**Activity:** Using the records below, copy every line that holds the string "forall".

Saved data entries:
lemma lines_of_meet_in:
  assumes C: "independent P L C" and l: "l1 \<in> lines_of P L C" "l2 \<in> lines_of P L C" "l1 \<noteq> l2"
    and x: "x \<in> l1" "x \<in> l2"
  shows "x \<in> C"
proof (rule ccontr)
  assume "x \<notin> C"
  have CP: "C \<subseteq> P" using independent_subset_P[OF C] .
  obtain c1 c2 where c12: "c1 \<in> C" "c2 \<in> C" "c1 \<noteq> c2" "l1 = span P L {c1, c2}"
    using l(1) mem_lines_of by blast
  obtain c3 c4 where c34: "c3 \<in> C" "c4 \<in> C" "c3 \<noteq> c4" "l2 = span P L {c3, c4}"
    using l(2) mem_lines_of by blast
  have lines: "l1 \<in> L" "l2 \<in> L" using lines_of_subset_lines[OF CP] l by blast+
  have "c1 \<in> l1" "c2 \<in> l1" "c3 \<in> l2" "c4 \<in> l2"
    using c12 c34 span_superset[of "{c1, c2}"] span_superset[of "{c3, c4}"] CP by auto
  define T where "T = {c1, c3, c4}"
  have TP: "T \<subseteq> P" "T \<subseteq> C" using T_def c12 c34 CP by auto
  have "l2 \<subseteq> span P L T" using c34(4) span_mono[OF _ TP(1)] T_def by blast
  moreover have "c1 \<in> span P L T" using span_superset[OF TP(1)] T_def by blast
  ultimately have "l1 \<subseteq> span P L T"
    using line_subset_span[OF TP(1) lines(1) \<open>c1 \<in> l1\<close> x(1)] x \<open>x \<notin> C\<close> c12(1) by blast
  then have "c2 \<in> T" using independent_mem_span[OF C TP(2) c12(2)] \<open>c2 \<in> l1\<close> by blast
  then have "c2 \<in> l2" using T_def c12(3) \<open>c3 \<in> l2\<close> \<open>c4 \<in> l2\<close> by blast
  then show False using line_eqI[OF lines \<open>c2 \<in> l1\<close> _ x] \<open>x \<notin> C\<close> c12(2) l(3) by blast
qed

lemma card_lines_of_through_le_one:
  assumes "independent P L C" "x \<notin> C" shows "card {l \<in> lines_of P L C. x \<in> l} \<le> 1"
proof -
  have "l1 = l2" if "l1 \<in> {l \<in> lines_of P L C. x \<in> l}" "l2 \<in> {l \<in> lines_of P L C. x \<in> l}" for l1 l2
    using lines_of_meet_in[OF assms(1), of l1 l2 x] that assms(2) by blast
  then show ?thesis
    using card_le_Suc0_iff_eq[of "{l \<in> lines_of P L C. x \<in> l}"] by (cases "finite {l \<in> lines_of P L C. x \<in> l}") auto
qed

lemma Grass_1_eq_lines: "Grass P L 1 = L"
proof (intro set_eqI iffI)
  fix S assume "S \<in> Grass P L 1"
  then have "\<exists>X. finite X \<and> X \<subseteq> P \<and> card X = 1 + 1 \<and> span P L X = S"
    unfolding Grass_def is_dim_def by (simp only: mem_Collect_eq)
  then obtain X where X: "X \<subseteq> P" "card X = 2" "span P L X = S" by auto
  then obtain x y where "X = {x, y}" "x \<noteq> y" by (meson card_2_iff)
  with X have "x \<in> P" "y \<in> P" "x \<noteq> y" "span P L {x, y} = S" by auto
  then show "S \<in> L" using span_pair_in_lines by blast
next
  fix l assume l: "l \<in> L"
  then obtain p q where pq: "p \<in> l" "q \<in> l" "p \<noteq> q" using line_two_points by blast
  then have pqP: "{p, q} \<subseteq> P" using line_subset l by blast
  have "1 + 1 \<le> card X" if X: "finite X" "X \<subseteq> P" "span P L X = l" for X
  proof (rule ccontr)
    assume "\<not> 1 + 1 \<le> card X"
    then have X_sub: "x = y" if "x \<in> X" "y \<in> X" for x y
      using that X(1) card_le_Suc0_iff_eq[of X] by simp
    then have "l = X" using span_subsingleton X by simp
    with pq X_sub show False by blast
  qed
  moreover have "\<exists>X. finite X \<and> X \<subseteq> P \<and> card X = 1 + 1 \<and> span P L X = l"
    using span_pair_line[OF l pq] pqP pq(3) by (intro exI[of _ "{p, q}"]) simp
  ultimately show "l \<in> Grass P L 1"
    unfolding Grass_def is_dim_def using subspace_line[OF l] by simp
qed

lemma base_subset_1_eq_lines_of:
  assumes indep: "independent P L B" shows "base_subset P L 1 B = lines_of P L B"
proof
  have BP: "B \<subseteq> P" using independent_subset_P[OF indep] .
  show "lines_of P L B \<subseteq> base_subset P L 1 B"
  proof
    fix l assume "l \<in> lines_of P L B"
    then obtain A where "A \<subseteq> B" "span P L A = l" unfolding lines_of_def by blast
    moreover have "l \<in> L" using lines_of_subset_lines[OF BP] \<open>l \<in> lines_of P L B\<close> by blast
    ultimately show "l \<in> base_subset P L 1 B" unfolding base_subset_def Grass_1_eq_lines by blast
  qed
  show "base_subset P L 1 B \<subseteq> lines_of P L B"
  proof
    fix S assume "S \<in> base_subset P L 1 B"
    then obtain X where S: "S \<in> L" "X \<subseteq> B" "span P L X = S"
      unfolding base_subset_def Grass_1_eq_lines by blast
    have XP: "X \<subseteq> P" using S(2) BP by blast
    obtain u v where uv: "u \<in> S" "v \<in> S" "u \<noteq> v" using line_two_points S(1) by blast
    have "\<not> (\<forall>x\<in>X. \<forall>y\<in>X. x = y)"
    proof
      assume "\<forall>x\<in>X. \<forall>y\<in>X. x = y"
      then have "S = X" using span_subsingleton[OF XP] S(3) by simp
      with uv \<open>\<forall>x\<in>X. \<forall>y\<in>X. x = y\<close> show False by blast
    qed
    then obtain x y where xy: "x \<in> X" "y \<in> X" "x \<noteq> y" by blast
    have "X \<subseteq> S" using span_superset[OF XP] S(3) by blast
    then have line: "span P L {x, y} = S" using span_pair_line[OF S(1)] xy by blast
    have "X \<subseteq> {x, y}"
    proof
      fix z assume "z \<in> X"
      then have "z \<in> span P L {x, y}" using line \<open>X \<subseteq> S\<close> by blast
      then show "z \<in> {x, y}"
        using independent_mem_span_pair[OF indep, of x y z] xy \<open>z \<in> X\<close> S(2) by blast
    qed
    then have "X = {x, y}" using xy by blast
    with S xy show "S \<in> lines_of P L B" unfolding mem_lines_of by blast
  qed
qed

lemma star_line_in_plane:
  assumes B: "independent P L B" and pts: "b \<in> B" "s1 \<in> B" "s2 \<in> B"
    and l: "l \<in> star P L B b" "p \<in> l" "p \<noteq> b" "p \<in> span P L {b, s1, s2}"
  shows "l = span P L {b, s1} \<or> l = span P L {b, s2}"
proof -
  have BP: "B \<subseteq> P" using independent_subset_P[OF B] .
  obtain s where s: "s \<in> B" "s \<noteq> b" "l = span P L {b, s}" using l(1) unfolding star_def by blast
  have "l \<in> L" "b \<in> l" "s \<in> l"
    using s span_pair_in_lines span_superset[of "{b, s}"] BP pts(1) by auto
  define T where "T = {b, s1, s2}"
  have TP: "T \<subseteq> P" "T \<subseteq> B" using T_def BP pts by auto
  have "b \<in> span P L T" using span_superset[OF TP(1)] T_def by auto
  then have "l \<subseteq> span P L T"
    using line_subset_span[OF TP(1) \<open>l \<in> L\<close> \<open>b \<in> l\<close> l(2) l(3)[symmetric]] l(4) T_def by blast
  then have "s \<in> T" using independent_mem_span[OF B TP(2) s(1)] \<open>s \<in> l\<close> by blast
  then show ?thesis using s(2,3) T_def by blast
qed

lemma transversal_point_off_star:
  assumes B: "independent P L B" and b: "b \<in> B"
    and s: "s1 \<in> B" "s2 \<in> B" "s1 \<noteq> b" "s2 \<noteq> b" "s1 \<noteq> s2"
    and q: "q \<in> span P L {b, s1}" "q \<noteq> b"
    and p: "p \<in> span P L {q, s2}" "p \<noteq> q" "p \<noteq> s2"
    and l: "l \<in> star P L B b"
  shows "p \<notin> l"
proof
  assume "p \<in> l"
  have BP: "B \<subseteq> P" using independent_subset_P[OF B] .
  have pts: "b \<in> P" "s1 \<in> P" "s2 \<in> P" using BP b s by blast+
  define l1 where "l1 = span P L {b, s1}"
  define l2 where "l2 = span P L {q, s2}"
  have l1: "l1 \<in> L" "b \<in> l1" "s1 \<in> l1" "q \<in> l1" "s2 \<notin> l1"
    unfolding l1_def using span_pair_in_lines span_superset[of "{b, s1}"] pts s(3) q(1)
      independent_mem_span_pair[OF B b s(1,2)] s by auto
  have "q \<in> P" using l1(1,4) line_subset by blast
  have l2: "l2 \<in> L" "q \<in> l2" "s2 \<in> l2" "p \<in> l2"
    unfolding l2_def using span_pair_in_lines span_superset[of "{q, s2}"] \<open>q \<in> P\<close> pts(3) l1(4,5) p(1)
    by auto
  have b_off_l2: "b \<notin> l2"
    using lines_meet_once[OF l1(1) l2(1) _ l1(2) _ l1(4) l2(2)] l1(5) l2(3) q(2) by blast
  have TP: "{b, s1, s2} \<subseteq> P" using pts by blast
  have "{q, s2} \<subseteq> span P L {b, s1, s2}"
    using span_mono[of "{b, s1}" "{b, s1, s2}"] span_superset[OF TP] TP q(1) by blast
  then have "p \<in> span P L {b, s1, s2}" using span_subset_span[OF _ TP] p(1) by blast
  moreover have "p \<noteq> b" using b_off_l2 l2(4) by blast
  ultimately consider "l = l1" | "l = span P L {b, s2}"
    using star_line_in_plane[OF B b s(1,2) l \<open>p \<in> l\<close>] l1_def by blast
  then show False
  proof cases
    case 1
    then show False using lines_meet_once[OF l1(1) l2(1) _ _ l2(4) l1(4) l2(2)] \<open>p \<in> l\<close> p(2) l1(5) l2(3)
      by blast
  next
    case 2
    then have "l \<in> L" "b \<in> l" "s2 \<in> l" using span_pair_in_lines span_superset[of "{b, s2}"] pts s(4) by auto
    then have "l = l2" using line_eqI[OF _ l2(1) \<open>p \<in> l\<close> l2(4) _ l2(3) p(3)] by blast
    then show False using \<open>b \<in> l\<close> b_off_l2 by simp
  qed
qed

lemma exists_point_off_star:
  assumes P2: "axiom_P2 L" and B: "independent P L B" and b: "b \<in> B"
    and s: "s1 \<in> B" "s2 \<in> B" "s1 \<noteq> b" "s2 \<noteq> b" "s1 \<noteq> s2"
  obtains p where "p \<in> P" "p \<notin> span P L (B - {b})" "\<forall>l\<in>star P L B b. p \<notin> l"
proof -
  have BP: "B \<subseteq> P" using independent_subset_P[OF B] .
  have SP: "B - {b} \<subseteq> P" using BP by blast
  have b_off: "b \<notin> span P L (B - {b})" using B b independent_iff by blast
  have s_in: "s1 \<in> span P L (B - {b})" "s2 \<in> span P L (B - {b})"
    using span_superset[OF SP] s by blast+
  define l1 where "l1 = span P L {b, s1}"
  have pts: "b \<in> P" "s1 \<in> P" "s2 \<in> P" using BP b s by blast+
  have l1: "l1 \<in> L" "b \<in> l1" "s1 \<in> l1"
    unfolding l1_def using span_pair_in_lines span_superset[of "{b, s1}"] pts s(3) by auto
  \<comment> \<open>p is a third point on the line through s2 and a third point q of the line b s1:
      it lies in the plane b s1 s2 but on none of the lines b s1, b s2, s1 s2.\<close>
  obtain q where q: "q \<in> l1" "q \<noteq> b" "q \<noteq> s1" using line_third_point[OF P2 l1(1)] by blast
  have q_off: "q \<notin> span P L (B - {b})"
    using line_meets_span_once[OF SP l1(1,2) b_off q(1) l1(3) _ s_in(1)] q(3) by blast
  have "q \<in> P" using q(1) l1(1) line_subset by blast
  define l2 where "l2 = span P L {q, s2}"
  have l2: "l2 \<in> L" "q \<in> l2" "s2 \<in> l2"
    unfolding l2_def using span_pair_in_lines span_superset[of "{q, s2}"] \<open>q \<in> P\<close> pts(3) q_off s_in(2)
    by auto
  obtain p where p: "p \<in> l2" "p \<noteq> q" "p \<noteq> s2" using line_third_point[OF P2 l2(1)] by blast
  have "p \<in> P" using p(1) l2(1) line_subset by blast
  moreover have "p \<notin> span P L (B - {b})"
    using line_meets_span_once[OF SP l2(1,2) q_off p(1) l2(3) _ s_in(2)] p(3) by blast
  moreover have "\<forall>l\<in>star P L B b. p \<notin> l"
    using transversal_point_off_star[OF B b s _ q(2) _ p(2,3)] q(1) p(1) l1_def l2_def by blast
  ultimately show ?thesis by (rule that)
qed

**Result of this task:**
    have "\<not> (\<forall>x\<in>X. \<forall>y\<in>X. x = y)"
      assume "\<forall>x\<in>X. \<forall>y\<in>X. x = y"
      with uv \<open>\<forall>x\<in>X. \<forall>y\<in>X. x = y\<close> show False by blast
  obtains p where "p \<in> P" "p \<notin> span P L (B - {b})" "\<forall>l\<in>star P L B b. p \<notin> l"
  moreover have "\<forall>l\<in>star P L B b. p \<notin> l"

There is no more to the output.